ACTION ITEM: Given the entries that follow, write out exactly the lines starting at the one containing "imports Complex_Main" and ending at the one containing "text \<open>Hereditary property.", both ends included, and only those.

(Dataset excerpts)
(* Let $k \in \mathbb{N}$, and let $a(0) \leqslant a(1)\leqslant \ldots \leqslant a(k)$ be positive integers. Let $c$ be the largest real root of the polynomial equation $x^{k+1} = \sum_{i = 0}^k a(i)x^i$. Then there exists a hereditary property of ordered graphs $\mathcal{P}$ with $|\mathcal{P}_n| = c^{(1+o(1))n}$ as $n\to\infty$.
   Context: An ordered graph of order $n$ is a graph on vertex set $[n]$ with the natural order. A hereditary property of ordered graphs is a collection of ordered graphs closed under order-preserving isomorphism and under taking induced ordered subgraphs (subgraphs induced via injective order-preserving maps preserving adjacency and non-adjacency). $\mathcal{P}_n$ denotes the set of members of $\mathcal{P}$ with vertex set $[n]$. *)

theory Defs
  imports Complex_Main
begin

text \<open>An ordered graph of order n: vertex set {0..<n} (standing for [n]) with the natural
order; edges are stored as pairs (i,j) with i < j < n.\<close>
type_synonym ograph = "nat \<times> (nat \<times> nat) set"

definition ordered_graph :: "ograph \<Rightarrow> bool" where
  "ordered_graph G \<longleftrightarrow> snd G \<subseteq> {(i,j). i < j \<and> j < fst G}"

definition induced_ordered_subgraph :: "ograph \<Rightarrow> ograph \<Rightarrow> bool" where
  "induced_ordered_subgraph H G \<longleftrightarrow>
     (\<exists>f. strict_mono_on {0..<fst H} f \<and> f ` {0..<fst H} \<subseteq> {0..<fst G} \<and>
          (\<forall>i j. i < j \<and> j < fst H \<longrightarrow> ((i,j) \<in> snd H \<longleftrightarrow> (f i, f j) \<in> snd G)))"

text \<open>Hereditary property. Since every ordered graph of order n is on the canonical vertex
set with the natural order, closure under order-preserving isomorphism is automatic.\<close>
definition hereditary_property :: "ograph set \<Rightarrow> bool" where
  "hereditary_property P \<longleftrightarrow>
     (\<forall>G\<in>P. ordered_graph G) \<and>
     (\<forall>G\<in>P. \<forall>H. ordered_graph H \<and> induced_ordered_subgraph H G \<longrightarrow> H \<in> P)"

definition slice :: "ograph set \<Rightarrow> nat \<Rightarrow> ograph set" where
  "slice P n = {G \<in> P. fst G = n}"

end

(*
  The property consists of the graphs of admissible words. Such a word is a sequence of
  blocks, a block being a run of L <= k+1 consecutive vertices sharing a value
  s in {1..a(k+1-L)}; vertices i < j are adjacent iff they lie in the same block or the
  value of i is smaller than the value of j. Deleting vertices only shrinks blocks and, a
  being monotone, keeps the value constraint, so the property is hereditary.

  Every graph of order n comes from a decomposition of n into blocks, so |P_n| <= N(n),
  the number of such decompositions. N satisfies N(n) = sum_L a(k+1-L) N(n-L), whose
  characteristic equation is x^(k+1) = sum_i a(i) x^i, whence c^(n-k) <= N(n) <= c^n.
  Conversely, prefixing a staircase of a(k) singleton blocks with values 1..a(k) makes the
  decomposition recoverable from the graph: the value of any later vertex is one more than
  its number of staircase neighbours. Hence N(n) <= |P_(n+a(k))|, and |P_n| = c^((1+o(1))n).
*)

theory Submission
  imports Defs "HOL-Library.Sublist"
begin

section \<open>Linear recurrences and growth rates\<close>

lemma power_diff_swap:
  fixes c :: "'a::comm_monoid_mult"
  assumes "L \<le> n" "L \<le> m"
  shows "c ^ m * c ^ (n - L) = c ^ n * c ^ (m - L)"
proof -
  have "m + (n - L) = n + (m - L)" using assms by simp
  then show ?thesis by (metis power_add)
qed

lemma linear_recurrence_le_power:
  fixes N b :: "nat \<Rightarrow> real"
  assumes c: "0 < c" and b: "\<And>L. 0 \<le> b L" and N0: "N 0 \<le> 1"
    and rec: "\<And>n. 0 < n \<Longrightarrow> N n = (\<Sum>L=1..min n m. b L * N (n - L))"
    and char: "(\<Sum>L=1..m. b L * c ^ (m - L)) = c ^ m"
  shows "N n \<le> c ^ n"
proof (induction n rule: less_induct)
  case (less n)
  show ?case
  proof (cases "n = 0")
    case True
    then show ?thesis using N0 by simp
  next
    case False
    then have n: "0 < n" by simp
    have "N n \<le> (\<Sum>L=1..min n m. b L * c ^ (n - L))"
      unfolding rec[OF n] using b by (intro sum_mono mult_left_mono less.IH) auto
    then have "c ^ m * N n \<le> c ^ m * (\<Sum>L=1..min n m. b L * c ^ (n - L))"
      using c by (simp add: mult_left_mono)
    also have "\<dots> = c ^ n * (\<Sum>L=1..min n m. b L * c ^ (m - L))"
      unfolding sum_distrib_left by (intro sum.cong) (auto simp: power_diff_swap mult.left_commute)
    also have "\<dots> \<le> c ^ n * (\<Sum>L=1..m. b L * c ^ (m - L))"
      using b c by (intro mult_left_mono sum_mono2) auto
    also have "\<dots> = c ^ m * c ^ n"
      unfolding char by (simp add: mult.commute)
    finally show ?thesis using c by simp
  qed
qed

lemma power_le_linear_recurrence:
  fixes N b :: "nat \<Rightarrow> real"
  assumes c: "1 \<le> c" and b: "\<And>L. 0 \<le> b L" and N1: "\<And>n. 1 \<le> N n"
    and rec: "\<And>n. 0 < n \<Longrightarrow> N n = (\<Sum>L=1..min n m. b L * N (n - L))"
    and char: "(\<Sum>L=1..m. b L * c ^ (m - L)) = c ^ m"
  shows "c ^ n \<le> c ^ (m - 1) * N n"
proof (induction n rule: less_induct)
  case (less n)
  show ?case
  proof (cases "n < m \<or> n = 0")
    case True
    then have "c ^ n \<le> c ^ (m - 1)" using c by (intro power_increasing) auto
    also have "\<dots> \<le> c ^ (m - 1) * N n" using c N1[of n] by simp
    finally show ?thesis .
  next
    case False
    then have "0 < n" "min n m = m" by auto
    have "c ^ m * (\<Sum>L=1..m. b L * c ^ (n - L)) = c ^ n * (\<Sum>L=1..m. b L * c ^ (m - L))"
      unfolding sum_distrib_left using False
      by (intro sum.cong) (auto simp: power_diff_swap mult.left_commute)
    also have "\<dots> = c ^ m * c ^ n"
      unfolding char by (simp add: mult.commute)
    finally have "c ^ n = (\<Sum>L=1..m. b L * c ^ (n - L))"
      using c by simp
    also have "\<dots> \<le> (\<Sum>L=1..m. b L * (c ^ (m - 1) * N (n - L)))"
      using b \<open>0 < n\<close> by (intro sum_mono mult_left_mono less.IH) auto
    also have "\<dots> = c ^ (m - 1) * N n"
      using rec[OF \<open>0 < n\<close>] \<open>min n m = m\<close> by (simp add: sum_distrib_left mult.left_commute)
    finally show ?thesis .
  qed
qed

lemma largest_root_ge_1:
  fixes b :: "nat \<Rightarrow> real"
  assumes b: "\<And>i. i \<le> k \<Longrightarrow> 0 \<le> b i" and sum_b: "1 \<le> (\<Sum>i\<le>k. b i)"
    and largest: "\<forall>x. x ^ (k + 1) = (\<Sum>i\<le>k. b i * x ^ i) \<longrightarrow> x \<le> c"
  shows "1 \<le> c"
proof -
  define p where "p x = x ^ (k + 1) - (\<Sum>i\<le>k. b i * x ^ i)" for x :: real
  define X where "X = 1 + (\<Sum>i\<le>k. b i)"
  have "X \<ge> 1" using sum_b by (simp add: X_def)
  have "(\<Sum>i\<le>k. b i * X ^ i) \<le> (\<Sum>i\<le>k. b i * X ^ k)"
    using b \<open>X \<ge> 1\<close> by (intro sum_mono mult_left_mono power_increasing) auto
  also have "\<dots> = (X - 1) * X ^ k" by (simp add: X_def sum_distrib_right)
  also have "\<dots> \<le> X ^ (k + 1)" using \<open>X \<ge> 1\<close> by (simp add: algebra_simps)
  finally have "0 \<le> p X" by (simp add: p_def)
  moreover have "p 1 \<le> 0" using sum_b by (simp add: p_def)
  moreover have "continuous_on {1..X} p" unfolding p_def by (intro continuous_intros)
  ultimately obtain x where "1 \<le> x" "p x = 0"
    using IVT'[of p 1 0 X] \<open>X \<ge> 1\<close> by auto
  then show ?thesis using largest by (auto simp: p_def)
qed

EXERCISE OUTPUT:
  imports Complex_Main
begin

text \<open>An ordered graph of order n: vertex set {0..<n} (standing for [n]) with the natural
order; edges are stored as pairs (i,j) with i < j < n.\<close>
type_synonym ograph = "nat \<times> (nat \<times> nat) set"

definition ordered_graph :: "ograph \<Rightarrow> bool" where
  "ordered_graph G \<longleftrightarrow> snd G \<subseteq> {(i,j). i < j \<and> j < fst G}"

definition induced_ordered_subgraph :: "ograph \<Rightarrow> ograph \<Rightarrow> bool" where
  "induced_ordered_subgraph H G \<longleftrightarrow>
     (\<exists>f. strict_mono_on {0..<fst H} f \<and> f ` {0..<fst H} \<subseteq> {0..<fst G} \<and>
          (\<forall>i j. i < j \<and> j < fst H \<longrightarrow> ((i,j) \<in> snd H \<longleftrightarrow> (f i, f j) \<in> snd G)))"

text \<open>Hereditary property. Since every ordered graph of order n is on the canonical vertex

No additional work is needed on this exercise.